According to Francis Nevins, this is Ellery Queen’s first short story to include a dying clue, that is, a clue left by the victim as immediately before death as possible. Here, the victim, an artist, painted a beard on a woman in a copy he was rendering of Rembrandt’s The Artist and His Wife, thus telling the world, “find the man cross-dressing as a woman, and you will find the person who murdered me.”
Believe it or not, back in 1934, some heterosexual men found themselves sexually insecure, or even threatened, around cross-dressers.
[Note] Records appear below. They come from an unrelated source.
definition locally_injective ::
  "'e topology \<Rightarrow> ('e \<Rightarrow> 'x) \<Rightarrow> ('e \<Rightarrow> 'f set) \<Rightarrow> bool" where
  "locally_injective E p phi \<longleftrightarrow>
     (\<forall>e\<in>topspace E. \<forall>e'\<in>topspace E. p e = p e' \<and> phi e \<inter> phi e' \<noteq> {} \<longrightarrow> e = e')"

definition locally_surjective ::
  "'e topology \<Rightarrow> ('e \<Rightarrow> 'x) \<Rightarrow> 'x topology \<Rightarrow> 'f topology \<Rightarrow> ('f \<Rightarrow> 'y) \<Rightarrow>
   ('e \<Rightarrow> 'f set) \<Rightarrow> ('x \<Rightarrow> 'y) \<Rightarrow> bool" where
  "locally_surjective E p X F q phi phib \<longleftrightarrow>
     (\<forall>y\<in>topspace F. \<forall>u\<in>topspace X. q y = phib u \<longrightarrow>
        (\<exists>e\<in>topspace E. p e = u \<and> y \<in> phi e))"

definition relational_covering_morphism ::
  "'e topology \<Rightarrow> ('e \<Rightarrow> 'x) \<Rightarrow> 'x topology \<Rightarrow> 'f topology \<Rightarrow> ('f \<Rightarrow> 'y) \<Rightarrow> 'y topology \<Rightarrow>
   ('e \<Rightarrow> 'f set) \<Rightarrow> ('x \<Rightarrow> 'y) \<Rightarrow> bool" where
  "relational_covering_morphism E p X F q Y phi phib \<longleftrightarrow>
     relational_morphism E p X F q Y phi phib \<and> locally_injective E p phi \<and>
     locally_surjective E p X F q phi phib"

definition rel_preimage :: "'e topology \<Rightarrow> ('e \<Rightarrow> 'f set) \<Rightarrow> 'f set \<Rightarrow> 'e set" where
  "rel_preimage E phi A = {e \<in> topspace E. phi e \<inter> A \<noteq> {}}"

definition rel_continuous :: "'e topology \<Rightarrow> 'f topology \<Rightarrow> ('e \<Rightarrow> 'f set) \<Rightarrow> bool" where
  "rel_continuous E F phi \<longleftrightarrow> (\<forall>A. openin F A \<longrightarrow> openin E (rel_preimage E phi A))"

definition rel_proper :: "'e topology \<Rightarrow> 'f topology \<Rightarrow> ('e \<Rightarrow> 'f set) \<Rightarrow> bool" where
  "rel_proper E F phi \<longleftrightarrow> (\<forall>A. compactin F A \<longrightarrow> compactin E (rel_preimage E phi A))"

definition ba_hom :: "'a set set \<Rightarrow> 'b set set \<Rightarrow> ('a set \<Rightarrow> 'b set) \<Rightarrow> bool" where
  "ba_hom B1 B2 f \<longleftrightarrow> (\<forall>a\<in>B1. f a \<in> B2) \<and> f {} = {} \<and>
     (\<forall>a\<in>B1. \<forall>b\<in>B1. f (a \<union> b) = f a \<union> f b \<and> f (a \<inter> b) = f a \<inter> f b \<and> f (a - b) = f a - f b)"

text \<open>Morphism of Boolean sets (X1,p1,B1) -> (X2,p2,B2), where r1 a b x = x|^a_b.\<close>
definition bset_morphism ::
  "'s set \<Rightarrow> ('s \<Rightarrow> 'a set) \<Rightarrow> 'a set set \<Rightarrow> ('a set \<Rightarrow> 'a set \<Rightarrow> 's \<Rightarrow> 's) \<Rightarrow>
   't set \<Rightarrow> ('t \<Rightarrow> 'b set) \<Rightarrow> 'b set set \<Rightarrow> ('b set \<Rightarrow> 'b set \<Rightarrow> 't \<Rightarrow> 't) \<Rightarrow>
   ('s \<Rightarrow> 't) \<Rightarrow> ('a set \<Rightarrow> 'b set) \<Rightarrow> bool" where
  "bset_morphism X1 p1 B1 r1 X2 p2 B2 r2 psi psib \<longleftrightarrow>
     (\<forall>x\<in>X1. psi x \<in> X2) \<and> ba_hom B1 B2 psib \<and>
     (\<forall>x\<in>X1. p2 (psi x) = psib (p1 x)) \<and>
     (\<forall>x\<in>X1. \<forall>a\<in>B1. \<forall>b\<in>B1. p1 x = a \<and> b \<subseteq> a \<longrightarrow>
         psi (r1 a b x) = r2 (psib a) (psib b) (psi x))"

end

theory Submission
  imports Defs
begin

text \<open>For a compact-open section \<open>C\<close> of \<open>F\<close>, local injectivity makes \<open>\<phi>\<^sup>-\<^sup>1(C)\<close> a section, and
  continuity and properness make it compact-open. Local surjectivity gives
  \<open>p(\<phi>\<^sup>-\<^sup>1(D)) = \<overline>\<phi>\<^sup>-\<^sup>1(q(D))\<close>. Over a Boolean base every compact-open \<open>U\<close> is \<open>q(D)\<close> for a
  compact-open \<open>D\<close> (a finite union of compact-open pieces of local sections), so
  \<open>\<overline>\<phi>\<^sup>-\<^sup>1(U) = p(\<phi>\<^sup>-\<^sup>1(D))\<close> is compact-open, \<open>p\<close> being continuous and open. Compatibility
  with restrictions holds because \<open>\<phi>\<close> lies over \<open>\<overline>\<phi>\<close>.\<close>

lemma local_homeomorphism_open_map:
  assumes "local_homeomorphism E X p"
  shows "open_map E X p"
  unfolding open_map_def
proof (intro allI impI)
  fix W assume W: "openin E W"
  show "openin X (p ` W)"
  proof (subst openin_subopen, intro ballI)
    fix x assume "x \<in> p ` W"
    then obtain e where e: "e \<in> W" "x = p e" by blast
    then have "e \<in> topspace E" using W openin_subset by blast
    then obtain V where V: "openin E V" "e \<in> V" "openin X (p ` V)"
      "homeomorphic_map (subtopology E V) (subtopology X (p ` V)) p"
      using assms unfolding local_homeomorphism_def by blast
    have "openin (subtopology E V) (W \<inter> V)"
      using W by (auto simp: openin_subtopology)
    then have "openin (subtopology X (p ` V)) (p ` (W \<inter> V))"
      using homeomorphic_imp_open_map[OF V(4)] unfolding open_map_def by blast
    then have "openin X (p ` (W \<inter> V))" using V(3) openin_trans_full by blast
    then show "\<exists>T. openin X T \<and> x \<in> T \<and> T \<subseteq> p ` W"
      using e V by blast
  qed
qed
This shows up full tilt in The Bearded Lady, or The Sinister Beard, as it was called when it originally appeared in the August, 1934 issue of Mystery.
First, of interest, is the use of the word “wench.” I do not recall it being used in any of the cousins other writings, but here it is, twice. In the opening paragraphs, Ellery compares life, and himself, to a “Spanish wench.” I’ll spare you the details. Further on, a Long Island detective refers to another character, the one who found the corpse, as a “Nice wench, by God!” Without breaking dialogue, he immediately goes on to say there are no alibis. blah, blah blah. Throughout the story, the writers go severely out of their way to support Ellery’s heterosexuality with an obsessive observance of women as sexual objects.
Each time a female character is introduced, her attractive physical traits are mentioned, even if they have been mentioned before. For instance, at one point in the story, smokes billows from a room, fire is assumed, pandemonium ensues as the characters, confused, try to make sense of what is happening. How is this scene described? What is highlighted? Here you go:
Thick smoke was curling about her slender ankles, and the moonlight
shining through the corridor-window behind her silhouetted her long
plump trembling shanks through the thin nightgown.
Aren’t we all glad we do not live in such an age of heightened sexual insecurity?
That’s right, you pointed it out right. But – anyway – this puzzle-mystery is first-class, maybe the better, in my opinion, of the whole volume “The adventures of EQ”.